During the first year of the study the researchers used the paired sera taken from individuals before and then after they have been colonised by serogroup B meningococci and measured the ability of this sera to kill meningococci. In each case, after colonisation, the individual's sera showed a much greater ability to kill the meningococcal strain that colonised their nasopharynx. Importantly, the sera could also kill other meningococcal strains. The sera which showed the greatest increase in ability to kill additional strains were selected for detailed study of the immune response.
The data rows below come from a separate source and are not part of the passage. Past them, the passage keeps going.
(* Let $1\le p\le\infty$ and $E=\mathcal{L}^p(I)$. If $(f_m)$ is a Schauder basis of $E$, then $(f_m*_T0)$ is a Schauder sequence in $E$.
   Context: Let $N\ge 2$, $I=[x_0,x_N]$, $\Delta: x_0<\dots<x_N$ a partition, $L_n(x)=a_nx+b_n$ affine with $L_n(x_0)=x_{n-1}$, $L_n(x_N)=x_n$, $I_1=[x_0,x_1]$, $I_n=(x_{n-1},x_n]$ for $n\ge2$, and $\alpha=(\alpha_1,\dots,\alpha_N)\in(\mathcal{L}^\infty(I))^N$ with $\Lambda:=\operatorname{ess\,sup}\{|\alpha_n(x)|:x\in I,n=1,\dots,N\}<1$. For $f,b\in E$, $f*_Tb$ is the unique fixed point in $E$ of the contraction $Tg(x):=f(x)+\alpha_n(L_n^{-1}(x))(g-b)(L_n^{-1}(x))$, $x\in I_n$; $0$ is the null function. A Schauder sequence is a sequence that is a Schauder basis of its closed linear span. *)

theory Defs
  imports "HOL-Analysis.Analysis" "HOL-Probability.Essential_Supremum"
begin

definition Ival :: "(nat \<Rightarrow> real) \<Rightarrow> nat \<Rightarrow> real set" where
  "Ival xs N = {xs 0 .. xs N}"

definition partition :: "(nat \<Rightarrow> real) \<Rightarrow> nat \<Rightarrow> bool" where
  "partition xs N \<longleftrightarrow> (\<forall>n<N. xs n < xs (Suc n))"

definition subI :: "(nat \<Rightarrow> real) \<Rightarrow> nat \<Rightarrow> real set" where
  "subI xs n = (if n = 1 then {xs 0 .. xs 1} else {xs (n - 1) <.. xs n})"
lemma admissible_with_center:
  assumes "l > 0" and "k > 0" and "v > 0"
  shows "\<exists>m>0. \<exists>a b c d. admissible l k m (conic a b c d) \<and>
           grad (conic a b c d) (l / 2 - k / 2 * v, v) = 0"
proof -
  define b where "b = k / 2"
  define a where "a = b\<^sup>2 + b * l / (2 * v)"
  define c where "c = - l / 2"
  define d where "d = - b * l"
  define m where "m = l * (1 + k\<^sup>2) / (1 + k\<^sup>2 + a * k\<^sup>2)"
  have "b * l / (2 * v) > 0"
    using assms by (simp add: b_def)
  then have definite: "b\<^sup>2 < a"
    by (simp add: a_def)
  then have "a > 0"
    using zero_le_power2[of b] by linarith
  then have "1 + k\<^sup>2 + a * k\<^sup>2 > 0"
    by (simp add: add_pos_nonneg)
  then have "m > 0" and m: "m * (1 + k\<^sup>2 + a * k\<^sup>2) = l * (1 + k\<^sup>2)"
    using \<open>l > 0\<close> by (simp_all add: m_def add_pos_nonneg)
  have center: "grad (conic a b c d) (l / 2 - k / 2 * v, v) = 0"
    using \<open>v > 0\<close> by (simp add: grad_conic zero_prod_def a_def b_def c_def d_def power2_eq_square field_simps)
  have "conic a b c d (m, m * k) = m / 2 * (m * (1 + k\<^sup>2 + a * k\<^sup>2) - l * (1 + k\<^sup>2))"
    by (simp add: b_def c_def d_def power2_eq_square field_simps)
  then have "conic a b c d (m, m * k) = 0"
    by (simp add: m)
  moreover have "conic a b c d (l, 0) = 0" and "conic a b c d (0, 0) = 0"
    by (simp_all add: c_def power2_eq_square)
  moreover have "\<exists>t>0. (0, 0) - (l, 0) = t *\<^sub>R (- grad (conic a b c d) (l, 0))"
    by (intro exI[of _ 2]) (simp add: grad_conic c_def d_def)
  moreover have "\<exists>t>0. (m, m * k) - (0, 0) = t *\<^sub>R (- grad (conic a b c d) (0, 0))"
    using \<open>l > 0\<close> \<open>m > 0\<close> by (intro exI[of _ "2 * m / l"]) (simp add: grad_conic b_def c_def d_def)
  moreover have "is_ellipse {x. conic a b c d x = 0}"
    using \<open>v > 0\<close> by (intro is_ellipse_conicI[OF definite center, of 0]) (simp_all add: zero_prod_def)
  ultimately have "admissible l k m (conic a b c d)"
    unfolding admissible_def by blast
  then show ?thesis
    using \<open>m > 0\<close> center by blast
qed

theorem lemma3:
  fixes l \<theta> :: real
  assumes "l > 0" and "0 < \<theta>" and "\<theta> < pi / 2"
  shows "{p. \<exists>m>0. \<exists>a b c d.
            let \<phi> = conic a b c d; X = (l, 0); Y = (0, 0); Z = (m, m * tan \<theta>) in
              \<phi> X = 0 \<and> \<phi> Y = 0 \<and> \<phi> Z = 0 \<and>
              (\<exists>t>0. Y - X = t *\<^sub>R (- grad \<phi> X)) \<and>
              (\<exists>t>0. Z - Y = t *\<^sub>R (- grad \<phi> Y)) \<and>
              is_ellipse {x. \<phi> x = 0} \<and>
              grad \<phi> p = 0}
         = {(u, v). v > 0 \<and> u = l / 2 - tan \<theta> / 2 * v}"
proof -
  have "tan \<theta> > 0"
    using assms by (simp add: tan_gt_zero)
  have "{p. \<exists>m>0. \<exists>a b c d.
            let \<phi> = conic a b c d; X = (l, 0); Y = (0, 0); Z = (m, m * tan \<theta>) in
              \<phi> X = 0 \<and> \<phi> Y = 0 \<and> \<phi> Z = 0 \<and>
              (\<exists>t>0. Y - X = t *\<^sub>R (- grad \<phi> X)) \<and>
              (\<exists>t>0. Z - Y = t *\<^sub>R (- grad \<phi> Y)) \<and>
              is_ellipse {x. \<phi> x = 0} \<and>
              grad \<phi> p = 0}
      = {p. \<exists>m>0. \<exists>a b c d. admissible l (tan \<theta>) m (conic a b c d) \<and> grad (conic a b c d) p = 0}"
    by (simp add: admissible_def Let_def)
  also have "\<dots> = {(u, v). v > 0 \<and> u = l / 2 - tan \<theta> / 2 * v}"
  proof (intro set_eqI iffI)
    fix p :: "real \<times> real"
    assume "p \<in> {p. \<exists>m>0. \<exists>a b c d. admissible l (tan \<theta>) m (conic a b c d) \<and> grad (conic a b c d) p = 0}"
    then show "p \<in> {(u, v). v > 0 \<and> u = l / 2 - tan \<theta> / 2 * v}"
      using center_of_admissible[OF \<open>l > 0\<close> \<open>tan \<theta> > 0\<close>] by (cases p) blast
  next
    fix p :: "real \<times> real"
    assume "p \<in> {(u, v). v > 0 \<and> u = l / 2 - tan \<theta> / 2 * v}"
    then show "p \<in> {p. \<exists>m>0. \<exists>a b c d. admissible l (tan \<theta>) m (conic a b c d) \<and> grad (conic a b c d) p = 0}"
      using admissible_with_center[OF \<open>l > 0\<close> \<open>tan \<theta> > 0\<close>] by auto
  qed
  finally show ?thesis .
qed
lemma sum_binomial_weights_union_eq:
  fixes p :: "'a :: comm_ring_1"
  assumes N: "finite N" and UG: "U \<subseteq> G" and GN: "G \<subseteq> N"
  shows "(\<Sum>G0\<in>{G0\<in>Pow N. G0 \<union> U = G}. p ^ card G0 * (1 - p) ^ card (N - G0))
      = p ^ (card G - card U) * (1 - p) ^ card (N - G)"
proof -
  have fin: "finite G" "finite U" using N UG GN by (auto intro: finite_subset)
  have img: "{G0\<in>Pow N. G0 \<union> U = G} = (\<lambda>A. (G - U) \<union> A) ` Pow U"
  proof (intro equalityI subsetI)
    fix G0 assume "G0 \<in> {G0\<in>Pow N. G0 \<union> U = G}"
    then have "G0 = (G - U) \<union> (G0 \<inter> U)" by auto
    then show "G0 \<in> (\<lambda>A. (G - U) \<union> A) ` Pow U" by blast
  qed (use UG GN in auto)
  have "inj_on (\<lambda>A. (G - U) \<union> A) (Pow U)" by (rule inj_onI) blast
  then have "(\<Sum>G0\<in>{G0\<in>Pow N. G0 \<union> U = G}. p ^ card G0 * (1 - p) ^ card (N - G0))
      = (\<Sum>A\<in>Pow U. p ^ card ((G - U) \<union> A) * (1 - p) ^ card (N - ((G - U) \<union> A)))"
    unfolding img by (simp add: sum.reindex)
  also have "\<dots> = (\<Sum>A\<in>Pow U. (p ^ card (G - U) * (1 - p) ^ card (N - G))
                              * (p ^ card A * (1 - p) ^ card (U - A)))"
  proof (rule sum.cong[OF refl])
    fix A assume A: "A \<in> Pow U"
    have "N - ((G - U) \<union> A) = (N - G) \<union> (U - A)" using A UG GN by auto
    moreover have "card ((G - U) \<union> A) = card (G - U) + card A"
      using A fin by (intro card_Un_disjoint) (auto intro: finite_subset)
    moreover have "card ((N - G) \<union> (U - A)) = card (N - G) + card (U - A)"
      using N fin UG by (intro card_Un_disjoint) auto
    ultimately show "p ^ card ((G - U) \<union> A) * (1 - p) ^ card (N - ((G - U) \<union> A))
        = (p ^ card (G - U) * (1 - p) ^ card (N - G)) * (p ^ card A * (1 - p) ^ card (U - A))"
      by (simp add: power_add mult_ac)
  qed
  also have "\<dots> = p ^ (card G - card U) * (1 - p) ^ card (N - G)"
    using sum_Pow_binomial_weights[OF fin(2), of p] UG fin
    by (simp add: sum_distrib_left[symmetric] card_Diff_subset)
  finally show ?thesis .
qed

lemma finite_pairs: "finite (pairs n)"
  by (rule finite_subset[of _ "Pow {0..<n}"]) (auto simp: pairs_def)

lemma set_pmf_P0: "set_pmf (P0 lam n) \<subseteq> Pow (pairs n)"
  unfolding P0_def by auto
(* Consider the heteroscedastic linear model $y(i,k)=\tau_i+\mu+\mathbf g^T(k)\beta+\varepsilon(i,k)$ with treatments $i\in\{1,\ldots,v_1\}$, covariate indices $k\in\{1,\ldots,d\}$, known regressors $\mathbf g(k)\in\mathbb R^{v_2}$, uncorrelated mean-zero errors with $\mathrm{Var}(\varepsilon(i,k))=\sigma^2/\lambda_i$, $\lambda_i>0$ known. Let $\Phi$ be an eigenvalue-based information function and let $\xi^*=w^*\otimes\alpha^*$ be a product design that is $\Phi$-optimal for $\mathbf A^T\theta$. Let $\xi$ be a design satisfying $\mathbf M(\xi)\mathbf G\mathbf A=\mathbf A$, where $$\mathbf G=\mathrm{diag}\Big(\mathbf M_1^{-1}(w^* ),\ \big(\textstyle\sum_i\lambda_iw_i^*\big)^{-1}\mathbf M_2^-(\alpha^* )\Big)$$ and $\mathbf M_2^-(\alpha^* )$ is any generalized inverse of $\mathbf M_2(\alpha^* )$. Then $\xi$ is $\Phi$-optimal for $\mathbf A^T\theta$. In particular, let $\mathbf S^-(\alpha^* )$ be a generalized inverse of $\mathbf S(\alpha^* )$ and let $\xi$ be a design with marginal treatment design $w$ satisfying (a) $w_i=w_i^*$ for $i=1,\ldots,v_1$; (b) $\Big[\frac{1}{w_1^*}\sum_{k=1}^d\xi(1,k)\mathbf g(k),\ldots,\frac{1}{w_{v_1}^*}\sum_{k=1}^d\xi(v_1,k)\mathbf g(k)\Big]\mathbf Q_1=\mathbf 0_{v_2\times s_1}$; (c) the $v_1\times v_2$ matrix whose $i$th row is $\sum_k(\xi(i,k)-w_i^*\alpha_k^* )\mathbf g^T(k)$, multiplied on the right by $\mathbf S^-(\alpha^* )\mathbf K$, equals $\mathbf 0_{v_1\times s_2}$; (d) $\big(\sum_{i=1}^{v_1}\lambda_iw_i^*\big)^{-1}\Big(\sum_{i,k}\lambda_i\xi(i,k)\mathbf g(k)\mathbf g^T(k)-\big(\sum_{i,k}\lambda_i\xi(i,k)\mathbf g(k)\big)\sum_{k=1}^{d}\alpha_k^*\mathbf g^T(k)\Big)\mathbf S^-(\alpha^* )\mathbf K=\mathbf K$. Then $\xi$ is $\Phi$-optimal for $\mathbf A^T\theta$.
   Context: Write $\theta=(\tau^T,\mu,\beta^T)^T$, $\mathbf h(k)=(1,\mathbf g^T(k))^T$, $\mathbf f(i,k)=(\mathbf e_i^T,1,\mathbf g^T(k))^T$. A design $\xi$ is a nonnegative function on $\{1,\ldots,v_1\}\times\{1,\ldots,d\}$ summing to one, with moment matrix $\mathbf M(\xi)=\sum_{i,k}\xi(i,k)\lambda_i\mathbf f(i,k)\mathbf f^T(i,k)$; its marginal treatment design is $w_i=\sum_k\xi(i,k)$ and marginal covariate design $\alpha_k=\sum_i\xi(i,k)$. A product design is $(w\otimes\alpha)(i,k)=w_i\alpha_k$ for probability vectors $w\in\mathbb R^{v_1}$, $\alpha\in\mathbb R^d$. Let $\mathbf Q_1\in\mathbb R^{v_1\times s_1}$ have full column rank, satisfy $\mathbf Q_1^T\mathbf 1_{v_1}=\mathbf 0$ and have no zero row; let $\mathbf K\in\mathbb R^{v_2\times s_2}$ have full column rank; $\mathbf Q_2=(\mathbf 0_{s_2},\mathbf K^T)^T$, $\mathbf A=\mathrm{diag}(\mathbf Q_1,\mathbf Q_2)$. A design is feasible for $\mathbf A^T\theta$ if $\mathcal C(\mathbf A)\subseteq\mathcal C(\mathbf M(\xi))$, with information matrix $\mathbf N_{\mathbf A}(\xi)=(\mathbf A^T\mathbf M^-(\xi)\mathbf A)^{-1}$; it is $\Phi$-optimal if feasible and maximizing $\Phi(\mathbf N_{\mathbf A}(\xi))$ over feasible designs. Notation: $\mathbf M_1(w)=\mathrm{diag}(\lambda_1w_1,\ldots,\lambda_{v_1}w_{v_1})$; $\mathbf M_2(\alpha)=\sum_k\alpha_k\mathbf h(k)\mathbf h^T(k)$; $\mathbf S(\alpha)=\sum_k\alpha_k\mathbf g(k)\mathbf g^T(k)-(\sum_k\alpha_k\mathbf g(k))(\sum_k\alpha_k\mathbf g(k))^T$. An information function is a positively homogeneous, concave, nonnegative, nonconstant, upper semicontinuous function on nonnegative definite $(s_1+s_2)\times(s_1+s_2)$ matrices; it is eigenvalue-based if it depends only on the eigenvalues of its argument. *)

theory Defs
  imports "HOL-Analysis.Analysis" "HOL-Computational_Algebra.Polynomial"
begin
 How was this done? The bacteria were dissolved and the constituent proteins were then subjected to a technique called 2D immunoblotting, in which the proteins were separated by applying an electric current on a slab of gel, producing separate spots for each of the many proteins present. The gel was then reacted with the individual's serum before and after colonisation. Of particular interest are those spots which reacted with the serum after, but not before, the individual had been colonised and developed the ability to kill meningococci, as these result from proteins that induce the protective (ie killing) antibodies. In this way the researchers could identify 27 discrete spots associated with development of protective immunity. They are now identifying the proteins present in each spot using the technique of mass spectrometry, in which the proteins are broken into small fragments and identified by comparison with the database of all known meningococcal proteins.

This is the first use of 2D immunoblotting to analyse the development of natural immunity to meningococci in humans. The list of protein antigens that has been generated included some already well known protein antigens (eg PorA) which validates the techniques used but also, importantly, new potential vaccine candidates which are associated with the development of cross-reactive immunity to serogroup B meningococcal infection.

 Having identified the protective proteins the team will next be able to use techniques they have already developed to isolate the genes which are responsible for the proteins of interest, transfer these to a harmless bacterium and produce the proteins in sufficient quantity to test their potential as vaccines designed to prevent all group B meningococcal infections.

This important work was presented at the International Pathogenic Neisseria Conference in Rotterdam in September 2008 and a manuscript is being prepared for publication.